Sourceless LWD Borehole Acoustics: Field Testing the Concept

Abstract

Seismic compressional and shear velocities are uniquely sensitive to the elasticity of the Earth and are used to estimate many properties of interest in oil exploration, reservoir development, and production efforts. Such properties include formation lithology, porosity, saturation, mechanical properties, presence of fractures, principal stresses, pore pressure, and formation damage. Logging-while-drilling (LWD) acoustic tools can be used when wireline acoustic logging is prohibitive and/or real-time decisions based on acoustics are needed. It has been shown that modern LWD acoustic tools with powerful, specialized acoustic transmitters can deliver most acoustic data and products with the same quality as their wireline counterparts. However, there is a lot of variation in the quality of traditional LWD acoustic data depending on the tool design. The operator’s decision to run an LWD acoustic tool is not an easy one, though, as the tool is often the most complicated and the longest part of the drillstring. In this paper, we present the field test results of a “sourceless” LWD acoustic tool that uses seismic energy generated by the drill bit to extract formation elastic properties instead of a powerful, specialized transmitter.

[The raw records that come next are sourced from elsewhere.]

lemma expectation_TH: "measure_pmf.expectation P T = c * (\<Sum>s\<in>tuples. w s * p ^ k)"
  by (simp add: TH_eq[abs_def] expectation_Xset_tuple cong: sum.cong)

lemma expectation_TH_sq:
  "measure_pmf.expectation P (\<lambda>\<omega>. (T \<omega>)\<^sup>2)
     = c\<^sup>2 * (\<Sum>s\<in>tuples. \<Sum>s'\<in>tuples. w s * w s' * p ^ card (img s \<union> img s'))"
proof -
  have "(T \<omega>)\<^sup>2 = c\<^sup>2 * (\<Sum>s\<in>tuples. \<Sum>s'\<in>tuples. w s * w s' * Xset (img s \<union> img s') \<omega>)" for \<omega>
    by (simp add: TH_eq power2_eq_square sum_product flip: Xset_mult) (simp add: mult_ac)
  then show ?thesis
    by (simp add: expectation_Xset_union_img cong: sum.cong)
qed

lemma VarT_eq:
  "V = c\<^sup>2 * (\<Sum>s\<in>tuples. \<Sum>s'\<in>tuples. w s * w s' * (p ^ card (img s \<union> img s') - p ^ (2*k)))"
proof -
  have "V = measure_pmf.expectation P (\<lambda>\<omega>. (T \<omega>)\<^sup>2) - (measure_pmf.expectation P T)\<^sup>2"
    unfolding VarT_def by (rule measure_pmf.variance_eq) simp_all
  also have "(measure_pmf.expectation P T)\<^sup>2 = c\<^sup>2 * (\<Sum>s\<in>tuples. \<Sum>s'\<in>tuples. w s * w s' * p ^ (2*k))"
  proof -
    have "p ^ (2*k) = p ^ k * p ^ k"
      by (simp add: mult_2 power_add)
    then show ?thesis
      by (simp add: expectation_TH power2_eq_square sum_product mult_ac)
  qed
  finally show ?thesis
    by (simp add: expectation_TH_sq right_diff_distrib sum_subtractf)
qed

lemma sum_tH_sq_eq:
  "(\<Sum>A\<in>Pow {1..N} - {{}}. (t A)\<^sup>2 * p ^ (2*k - card A))
     = c\<^sup>2 * (\<Sum>s\<in>tuples. \<Sum>s'\<in>tuples. w s * w s' * (\<Sum>A\<in>Pow (img s \<inter> img s') - {{}}. p ^ (2*k - card A)))"
proof -
  let ?f = "\<lambda>A. p ^ (2*k - card A)"
  let ?g = "\<lambda>s s' A. c\<^sup>2 * w s * w s' * (of_bool (A \<subseteq> img s \<inter> img s') * ?f A)"
  have "(t A)\<^sup>2 * ?f A = (\<Sum>s\<in>tuples. \<Sum>s'\<in>tuples. ?g s s' A)" for A
    unfolding tH_eq power2_eq_square sum_product
    by (simp del: sum_mult_of_bool_eq sum_of_bool_mult_eq add: of_bool_conj sum_distrib_left sum_distrib_right mult_ac)
  then have "(\<Sum>A\<in>Pow {1..N} - {{}}. (t A)\<^sup>2 * ?f A) = (\<Sum>A\<in>Pow {1..N} - {{}}. \<Sum>s\<in>tuples. \<Sum>s'\<in>tuples. ?g s s' A)"
    by (simp only:)
  also have "\<dots> = (\<Sum>s\<in>tuples. \<Sum>s'\<in>tuples. \<Sum>A\<in>Pow {1..N} - {{}}. ?g s s' A)"
    by (simp only: sum.swap[of _ "Pow {1..N} - {{}}"])
  also have "\<dots> = (\<Sum>s\<in>tuples. \<Sum>s'\<in>tuples. c\<^sup>2 * w s * w s' * (\<Sum>A\<in>Pow (img s \<inter> img s') - {{}}. ?f A))"
  proof (intro sum.cong refl)
    fix s s' assume "s \<in> tuples"
    then have "(Pow {1..N} - {{}}) \<inter> {A. A \<subseteq> img s \<inter> img s'} = Pow (img s \<inter> img s') - {{}}"
      using vtuples_image_subset by blast
    then show "(\<Sum>A\<in>Pow {1..N} - {{}}. ?g s s' A) = c\<^sup>2 * w s * w s' * (\<Sum>A\<in>Pow (img s \<inter> img s') - {{}}. ?f A)"
      by (simp only: sum_distrib_left[symmetric] sum_of_bool_mult_eq finite_Diff finite_Pow_iff finite_atLeastAtMost)
  qed
  finally show ?thesis
    by (simp add: sum_distrib_left mult.assoc)
qed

Such a tool may consist of a receiver section of hydrophones only, which compared with traditional LWD tools, significantly simplifies the mechanical design, shortens the length of the tool, and reduces the tool cost. In the absence of an active transmitter, continuously recording the drill-bit energy as the drill bit rotates enables maximizing the signal-to-noise ratio (SNR) of the formation arrivals. In addition, the presence of azimuthally distributed receiver elements at each receiver axial position permits decomposition of the received wavefield into monopole, dipole, and quadrupole components. Processing results of the sourceless tool using time and frequency semblance are compared to those from a traditional LWD acoustic tool in the same well to demonstrate the viability of the concept. We also demonstrate that, in the case of “traditional” LWD acoustic tools, it is beneficial to place the tool transmitter below the receiver array. In this case, the drill-bit energy propagating in the formation along the borehole is “added” to the energy generated by the source and effectively increases the frequency bandwidth of the source signal and improves the SNR of the resulting formation arrivals.